What are LLM agents?

Search agents ▷ Example query: ask to recommend stock to buy based on today's global economy.

Why do we need agents? ▷ Limitation on pretraining: "The stock option today is going xxx". Then xxx (up/down) is optimized over historical data. Assume that, 80% of human text says stock is going up, then xxx will likely be up. Thus, we need websearch. ▷ Limitation of SFT: still cannot interact in real web search, but the real world is continuously changing. ▷ Thus we need RL and agents! cf. Running SFT before running RL is usually considered helpful.

An empirical sudy on RL for reasoning-search interleaved LLM agents ▷ How do we do RL? Three questions: model - how to model scale and type (general vs reasoning-specialized) affect training? tool - using different search engines training model to use tools - how to set the reward. ▷ Model types: plots of training reward, number of search calls, and test accuracy. General models train more stably, and call search earlier; but reasoning model struggle with format adherence; and scaling improves performance, yet marginal improvement is getting smaller as the model size gets larger.

▷ Reward setting: use a 'format reward' which consider both correctness of answer and the format we want.

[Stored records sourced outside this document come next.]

lemma abc_periodic:
  shows "[k = k'] (mod int p) \<Longrightarrow> fst (abc p q r k) = fst (abc p q r k')"
    and "[k = k'] (mod int q) \<Longrightarrow> fst (snd (abc p q r k)) = fst (snd (abc p q r k'))"
    and "[k = k'] (mod int r) \<Longrightarrow> snd (snd (abc p q r k)) = snd (snd (abc p q r k'))"
proof -
  have digit_eq: "d k = d k'"
    if "[k = k'] (mod P)" "coprime u P" "\<And>k. 0 \<le> d k \<and> d k < P" "\<And>k. [k = d k * u] (mod P)"
    for P u :: int and d :: "int \<Rightarrow> int"
  proof -
    have "[d k * u = d k' * u] (mod P)"
      using that(1,4) by (meson cong_sym cong_trans)
    hence "[d k = d k'] (mod P)"
      using cong_mult_rcancel[OF that(2)] by blast
    thus ?thesis
      using that(3) cong_less_imp_eq_int by blast
  qed
  have digits: "0 \<le> fst (abc p q r k) \<and> fst (abc p q r k) < int p"
    "0 \<le> fst (snd (abc p q r k)) \<and> fst (snd (abc p q r k)) < int q"
    "0 \<le> snd (snd (abc p q r k)) \<and> snd (snd (abc p q r k)) < int r"
    "[k = fst (abc p q r k) * (int q * int r)] (mod int p)"
    "[k = fst (snd (abc p q r k)) * (int r * int p)] (mod int q)"
    "[k = snd (snd (abc p q r k)) * (int p * int q)] (mod int r)" for k
    using abc_in_box[of k] abc_cong[of k] cong_digit_value_iff[of k]
    by (auto simp: digit_box_def split: prod.splits)
  show "[k = k'] (mod int p) \<Longrightarrow> fst (abc p q r k) = fst (abc p q r k')"
    using digit_eq[OF _ coprime_cofactors(1), where d = "\<lambda>k. fst (abc p q r k)"] digits(1,4) by blast
  show "[k = k'] (mod int q) \<Longrightarrow> fst (snd (abc p q r k)) = fst (snd (abc p q r k'))"
    using digit_eq[OF _ coprime_cofactors(2), where d = "\<lambda>k. fst (snd (abc p q r k))"] digits(2,5) by blast
  show "[k = k'] (mod int r) \<Longrightarrow> snd (snd (abc p q r k)) = snd (snd (abc p q r k'))"
    using digit_eq[OF _ coprime_cofactors(3), where d = "\<lambda>k. snd (snd (abc p q r k))"] digits(3,6) by blast
qed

This speeds up convergence, improves accuracy (especially for non-instruction-tuned LLMs), but it can occur overfitting. ▷ Another reward setting: intermediate retrieval reward; but seems not too effective.

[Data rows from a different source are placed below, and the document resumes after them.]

(* Let $t\geq 5$ and let $H$ be the simple graph with vertex set $\{x_1,x_2,x_3,y_1,\dots,y_{t-4}\}$ whose edges are $x_1x_2,x_2x_3,x_1x_3$ and all edges $x_iy_j$ for $i\in\{1,2,3\}$, $1\leq j\leq t-4$. Then $L(H)$ has a $K_t$-immersion.
   Context: $L(H)$ is the simple graph with vertex set $E(H)$ in which two distinct edges of $H$ are adjacent iff they share an endpoint. A graph $G$ has a $K_t$-immersion if there is an injective map $\phi$ from the vertex set of $K_t$ to $V(G)$ and, for each pair $u\neq v$ of vertices of $K_t$, a path in $G$ joining $\phi(u)$ and $\phi(v)$, such that these paths are pairwise edge-disjoint. *)

theory Defs
  imports Main
begin

type_synonym 'a sgraph = "'a set \<times> 'a set set"

definition verts :: "'a sgraph \<Rightarrow> 'a set" where "verts G = fst G"
definition edges :: "'a sgraph \<Rightarrow> 'a set set" where "edges G = snd G"

definition simple_graph :: "'a sgraph \<Rightarrow> bool" where
  "simple_graph G \<longleftrightarrow> (\<forall>e\<in>edges G. card e = 2 \<and> e \<subseteq> verts G)"

definition line_graph :: "'a sgraph \<Rightarrow> 'a set sgraph" where
  "line_graph H = (edges H, {{e, f} | e f. e \<in> edges H \<and> f \<in> edges H \<and> e \<noteq> f \<and> e \<inter> f \<noteq> {}})"

definition is_path :: "'a sgraph \<Rightarrow> 'a list \<Rightarrow> 'a \<Rightarrow> 'a \<Rightarrow> bool" where
  "is_path G p u v \<longleftrightarrow> p \<noteq> [] \<and> hd p = u \<and> last p = v \<and> distinct p \<and>
     set p \<subseteq> verts G \<and> (\<forall>i. Suc i < length p \<longrightarrow> {p ! i, p ! Suc i} \<in> edges G)"

definition path_edges :: "'a list \<Rightarrow> 'a set set" where
  "path_edges p = {{p ! i, p ! Suc i} | i. Suc i < length p}"

text \<open>K_t-immersion; the vertices of K_t are 0, ..., t-1 and each unordered pair
  {u,v} is represented by u < v.\<close>
definition has_Kt_immersion :: "'a sgraph \<Rightarrow> nat \<Rightarrow> bool" where
  "has_Kt_immersion G t \<longleftrightarrow>
     (\<exists>(\<phi> :: nat \<Rightarrow> 'a) (P :: nat \<Rightarrow> nat \<Rightarrow> 'a list).
        inj_on \<phi> {0..<t} \<and> \<phi> ` {0..<t} \<subseteq> verts G \<and>
        (\<forall>u v. u < v \<and> v < t \<longrightarrow> is_path G (P u v) (\<phi> u) (\<phi> v)) \<and>
        (\<forall>u v u' v'. u < v \<and> v < t \<and> u' < v' \<and> v' < t \<and> (u, v) \<noteq> (u', v') \<longrightarrow>
            path_edges (P u v) \<inter> path_edges (P u' v') = {}))"

datatype hvert = X nat | Y nat

definition H_graph :: "nat \<Rightarrow> hvert sgraph" where
  "H_graph t = ({X 1, X 2, X 3} \<union> {Y j | j. 1 \<le> j \<and> j \<le> t - 4},
     {{X 1, X 2}, {X 2, X 3}, {X 1, X 3}} \<union>
     {{X i, Y j} | i j. i \<in> {1, 2, 3} \<and> 1 \<le> j \<and> j \<le> t - 4})"

end

theory Submission
  imports Defs
begin

text \<open>
  The branch vertices are the edges \<open>x\<^sub>1x\<^sub>2, x\<^sub>1x\<^sub>3, x\<^sub>2x\<^sub>3, x\<^sub>3y\<^sub>1\<close> and
  \<open>x\<^sub>1y\<^sub>j\<close> (\<open>1 \<le> j \<le> t - 4\<close>) of \<open>H\<close>. Two of them sharing an endpoint are adjacent
  in \<open>L(H)\<close>; the only other pairs are \<open>x\<^sub>1x\<^sub>2, x\<^sub>3y\<^sub>1\<close>, \<open>x\<^sub>2x\<^sub>3, x\<^sub>1y\<^sub>j\<close> and
  \<open>x\<^sub>3y\<^sub>1, x\<^sub>1y\<^sub>j\<close> (\<open>j \<ge> 2\<close>), which are joined through the non-branch edges
  \<open>x\<^sub>2y\<^sub>1\<close>, \<open>x\<^sub>2y\<^sub>j\<close> and \<open>x\<^sub>3y\<^sub>j\<close> respectively. A detour vertex is shared only by
  \<open>x\<^sub>1x\<^sub>2, x\<^sub>3y\<^sub>1\<close> and \<open>x\<^sub>2x\<^sub>3, x\<^sub>1y\<^sub>1\<close>, pairs with disjoint ends, so all these
  paths of length at most two are edge-disjoint.
\<close>

lemma verts_line_graph [simp]: "verts (line_graph H) = edges H"
  by (simp add: line_graph_def verts_def)

lemma edge_line_graphI:
  assumes "e \<in> edges H" "f \<in> edges H" "e \<noteq> f" "e \<inter> f \<noteq> {}"
  shows "{e, f} \<in> edges (line_graph H)"
  using assms unfolding line_graph_def edges_def by auto

lemma path_edges_pair [simp]: "path_edges [a, b] = {{a, b}}"
  unfolding path_edges_def by auto

lemma path_edges_triple [simp]: "path_edges [a, b, c] = {{a, b}, {b, c}}"
proof -
  have "{i. Suc i < length [a, b, c]} = {0, 1}" by auto
  then have "path_edges [a, b, c] = (\<lambda>i. {[a, b, c] ! i, [a, b, c] ! Suc i}) ` {0, 1}"
    unfolding path_edges_def by blast
  then show ?thesis by simp
qed

lemma is_path_pair:
  assumes "a \<noteq> b" "{a, b} \<subseteq> verts G" "{a, b} \<in> edges G"
  shows "is_path G [a, b] a b"
  using assms unfolding is_path_def by auto

lemma is_path_triple:
  assumes "distinct [a, b, c]" "set [a, b, c] \<subseteq> verts G" "{a, b} \<in> edges G" "{b, c} \<in> edges G"
  shows "is_path G [a, b, c] a c"
  using assms unfolding is_path_def by (auto simp: less_Suc_eq nth_Cons')

locale two_step_routing =
  fixes G :: "'a sgraph" and t :: nat
    and \<phi> :: "nat \<Rightarrow> 'a" and detour :: "nat \<Rightarrow> nat \<Rightarrow> 'a option"
  assumes inj_branch: "inj_on \<phi> {0..<t}"
    and branch_verts: "\<phi> ` {0..<t} \<subseteq> verts G"
    and direct_edge: "\<lbrakk>u < v; v < t; detour u v = None\<rbrakk> \<Longrightarrow> {\<phi> u, \<phi> v} \<in> edges G"
    and detour_verts: "\<lbrakk>u < v; v < t; detour u v = Some m\<rbrakk> \<Longrightarrow> m \<in> verts G - \<phi> ` {0..<t}"
    and detour_edges:
      "\<lbrakk>u < v; v < t; detour u v = Some m\<rbrakk> \<Longrightarrow> {\<phi> u, m} \<in> edges G \<and> {m, \<phi> v} \<in> edges G"
    and detour_disjoint:
      "\<lbrakk>(u, v) \<noteq> (u', v'); detour u v = Some m; detour u' v' = Some m\<rbrakk> \<Longrightarrow> {u, v} \<inter> {u', v'} = {}"
begin

definition route :: "nat \<Rightarrow> nat \<Rightarrow> 'a list" where
  "route u v = (case detour u v of None \<Rightarrow> [\<phi> u, \<phi> v] | Some m \<Rightarrow> [\<phi> u, m, \<phi> v])"

lemma route_is_path:
  assumes uv: "u < v" "v < t"
  shows "is_path G (route u v) (\<phi> u) (\<phi> v)"
proof -
  have branch_uv: "\<phi> u \<in> \<phi> ` {0..<t}" "\<phi> v \<in> \<phi> ` {0..<t}"
    using uv by auto
  have ne: "\<phi> u \<noteq> \<phi> v"
    using inj_branch uv by (auto simp: inj_on_eq_iff)
  have in_G: "\<phi> u \<in> verts G" "\<phi> v \<in> verts G"
    using branch_verts branch_uv by blast+
  show ?thesis
  proof (cases "detour u v")
    case None
    then show ?thesis
      using ne in_G direct_edge[OF uv] by (simp add: route_def is_path_pair)
  next
    case (Some m)
    then have m: "m \<in> verts G" "m \<notin> \<phi> ` {0..<t}"
      using detour_verts[OF uv] by auto
    then have "distinct [\<phi> u, m, \<phi> v]"
      using ne branch_uv by auto
    then show ?thesis
      using Some in_G m detour_edges[OF uv Some] by (simp add: route_def is_path_triple)
  qed
qed

lemma path_edges_route:
  "path_edges (route u v) =
    (case detour u v of None \<Rightarrow> {{\<phi> u, \<phi> v}} | Some m \<Rightarrow> (\<lambda>w. {\<phi> w, m}) ` {u, v})"
  by (auto simp: route_def split: option.split)

lemma detour_edge_eqD:
  assumes "w < t" "w' < t" "m \<notin> \<phi> ` {0..<t}" "m' \<notin> \<phi> ` {0..<t}" "{\<phi> w, m} = {\<phi> w', m'}"
  shows "w = w'" "m = m'"
proof -
  have "m \<noteq> \<phi> w'" "m' \<noteq> \<phi> w"
    using assms(1-4) by auto
  with assms(5) have "m = m'" "\<phi> w = \<phi> w'"
    by (metis doubleton_eq_iff)+
  then show "w = w'" "m = m'"
    using assms(1,2) by (simp_all add: inj_on_eq_iff[OF inj_branch])
qed

lemma route_edges_disjoint:
  assumes uv: "u < v" "v < t" and uv': "u' < v'" "v' < t" and ne: "(u, v) \<noteq> (u', v')"
  shows "path_edges (route u v) \<inter> path_edges (route u' v') = {}"
proof (cases "detour u v"; cases "detour u' v'")
  assume "detour u v = None" "detour u' v' = None"
  moreover have "{\<phi> u, \<phi> v} \<noteq> {\<phi> u', \<phi> v'}"
    using uv uv' ne by (auto simp: doubleton_eq_iff inj_on_eq_iff[OF inj_branch])
  ultimately show ?thesis
    by (simp add: path_edges_route)
next
  fix m' assume "detour u v = None" "detour u' v' = Some m'"
  moreover have "{\<phi> u, \<phi> v} \<noteq> {\<phi> w, m'}" for w
    using detour_verts[OF uv' \<open>detour u' v' = Some m'\<close>] uv by (auto simp: doubleton_eq_iff)
  ultimately show ?thesis
    by (auto simp: path_edges_route)
next
  fix m assume "detour u v = Some m" "detour u' v' = None"
  moreover have "{\<phi> u', \<phi> v'} \<noteq> {\<phi> w, m}" for w
    using detour_verts[OF uv \<open>detour u v = Some m\<close>] uv' by (auto simp: doubleton_eq_iff)
  ultimately show ?thesis
    by (auto simp: path_edges_route)
next
  fix m m' assume m: "detour u v = Some m" and m': "detour u' v' = Some m'"
  have "{\<phi> w, m} \<noteq> {\<phi> w', m'}" if w: "w \<in> {u, v}" "w' \<in> {u', v'}" for w w'
  proof
    assume "{\<phi> w, m} = {\<phi> w', m'}"
    then have "w = w'" "m = m'"
      using w uv uv' detour_verts[OF uv m] detour_verts[OF uv' m']
      by (auto intro: detour_edge_eqD)
    then show False
      using detour_disjoint[OF ne m] m' w by blast
  qed
  with m m' show ?thesis
    by (auto simp: path_edges_route)
qed

lemma has_Kt_immersion: "has_Kt_immersion G t"
  unfolding has_Kt_immersion_def
proof (intro exI[of _ \<phi>] exI[of _ route] conjI allI impI)
  show "path_edges (route u v) \<inter> path_edges (route u' v') = {}"
    if "u < v \<and> v < t \<and> u' < v' \<and> v' < t \<and> (u, v) \<noteq> (u', v')" for u v u' v'
    using that route_edges_disjoint by blast
qed (use inj_branch branch_verts route_is_path in auto)

end

definition H_branch :: "nat \<Rightarrow> hvert set" where
  "H_branch i =
    (if i = 0 then {X 1, X 2} else if i = 1 then {X 1, X 3} else if i = 2 then {X 2, X 3}
     else if i = 3 then {X 3, Y 1} else {X 1, Y (i - 3)})"

definition H_detour :: "nat \<Rightarrow> nat \<Rightarrow> hvert set option" where
  "H_detour u v =
    (if u = 0 \<and> v = 3 then Some {X 2, Y 1}
     else if u = 2 \<and> 4 \<le> v then Some {X 2, Y (v - 3)}
     else if u = 3 \<and> 5 \<le> v then Some {X 3, Y (v - 3)}
     else None)"

lemma H_graph_edgeI:
  "i \<in> {1, 2, 3} \<Longrightarrow> j \<in> {1, 2, 3} \<Longrightarrow> i \<noteq> j \<Longrightarrow> {X i, X j} \<in> edges (H_graph t)"
  "i \<in> {1, 2, 3} \<Longrightarrow> 1 \<le> j \<Longrightarrow> j \<le> t - 4 \<Longrightarrow> {X i, Y j} \<in> edges (H_graph t)"
  unfolding H_graph_def edges_def by (auto simp: insert_commute)

lemma H_branch_cases:
  obtains "H_branch i = {X 1, X 2}" | "H_branch i = {X 1, X 3}" | "H_branch i = {X 2, X 3}"
    | "H_branch i = {X 3, Y 1}" | j where "H_branch i = {X 1, Y j}"
proof -
  consider "i = 0" | "i = 1" | "i = 2" | "i = 3" | "4 \<le> i"
    by linarith
  then show thesis
    by cases (use that in \<open>simp_all add: H_branch_def\<close>)
qed

lemma H_branch_in_edges:
  assumes "i < t" "5 \<le> t"
  shows "H_branch i \<in> edges (H_graph t)"
  using assms unfolding H_branch_def by (auto intro: H_graph_edgeI)

lemma inj_H_branch: "inj H_branch"
  by (rule injI) (auto simp: H_branch_def doubleton_eq_iff split: if_splits)

lemma H_branch_intersect:
  assumes "u < v" "H_detour u v = None"
  shows "H_branch u \<inter> H_branch v \<noteq> {}"
  using assms unfolding H_branch_def H_detour_def by (auto split: if_splits)

lemma H_detour_SomeE:
  assumes "H_detour u v = Some m"
  obtains "u = 0" "v = 3" "m = {X 2, Y 1}"
    | "u = 2" "4 \<le> v" "m = {X 2, Y (v - 3)}"
    | "u = 3" "5 \<le> v" "m = {X 3, Y (v - 3)}"
  using assms unfolding H_detour_def by (auto split: if_splits)

lemma H_detour_in_edges:
  assumes "v < t" "5 \<le> t" "H_detour u v = Some m"
  shows "m \<in> edges (H_graph t)"
  using assms(3) by (rule H_detour_SomeE) (use assms(1,2) in \<open>auto intro: H_graph_edgeI\<close>)

lemma H_detour_not_branch:
  assumes "H_detour u v = Some m"
  shows "m \<notin> range H_branch"
proof
  assume "m \<in> range H_branch"
  then obtain i where "m = H_branch i" by blast
  with assms show False
    by (elim H_detour_SomeE; cases i rule: H_branch_cases) (auto simp: doubleton_eq_iff)
qed

lemma H_detour_meets:
  assumes "H_detour u v = Some m"
  shows "H_branch u \<inter> m \<noteq> {}" "m \<inter> H_branch v \<noteq> {}"
  using assms by (elim H_detour_SomeE; simp add: H_branch_def)+

lemma H_detour_disjoint:
  assumes "(u, v) \<noteq> (u', v')" "H_detour u v = Some m" "H_detour u' v' = Some m"
  shows "{u, v} \<inter> {u', v'} = {}"
  using assms(2,3) by (elim H_detour_SomeE) (use assms(1) in \<open>auto simp: doubleton_eq_iff\<close>)

lemma two_step_routing_line_graph_H:
  assumes "5 \<le> t"
  shows "two_step_routing (line_graph (H_graph t)) t H_branch H_detour"
proof
  have in_H: "H_branch i \<in> edges (H_graph t)" if "i < t" for i
    using H_branch_in_edges that assms by blast
  show "inj_on H_branch {0..<t}"
    using inj_H_branch by (rule inj_on_subset) simp
  show "H_branch ` {0..<t} \<subseteq> verts (line_graph (H_graph t))"
    using in_H by auto
  show "{H_branch u, H_branch v} \<in> edges (line_graph (H_graph t))"
    if "u < v" "v < t" "H_detour u v = None" for u v
    using that in_H H_branch_intersect inj_H_branch
    by (intro edge_line_graphI) (auto dest: injD)
  show "m \<in> verts (line_graph (H_graph t)) - H_branch ` {0..<t}"
    if "u < v" "v < t" "H_detour u v = Some m" for u v m
    using H_detour_in_edges[OF that(2) assms that(3)] H_detour_not_branch[OF that(3)] by auto
  show "{H_branch u, m} \<in> edges (line_graph (H_graph t)) \<and> {m, H_branch v} \<in> edges (line_graph (H_graph t))"
    if "u < v" "v < t" "H_detour u v = Some m" for u v m
    using H_detour_in_edges[OF that(2) assms that(3)] H_detour_not_branch[OF that(3)]
      H_detour_meets[OF that(3)] in_H that(1,2)
    by (auto intro!: edge_line_graphI)
qed (rule H_detour_disjoint)

theorem mainTheorem11:
  fixes t :: nat
  assumes "t \<ge> 5"
  shows "has_Kt_immersion (line_graph (H_graph t)) t"
  using two_step_routing_line_graph_H[OF assms] by (rule two_step_routing.has_Kt_immersion)

end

ZeroSearch ▷Another problem about search: the price for search is high. Then, using search in training will cost a lot too. ▷ TLDR for ZeroSearch: let's teach LLMs to search, without searching -- by including simulation LLM, mimicking a search engine. ▷ Recipe: replace search engine with an LLM, and increase search engine LLM noise over time; use standard PPO, GRPO, REINFORCE. ▷ The paper's result claims ZeroSearch performs as good as using real search engine in the algorithm.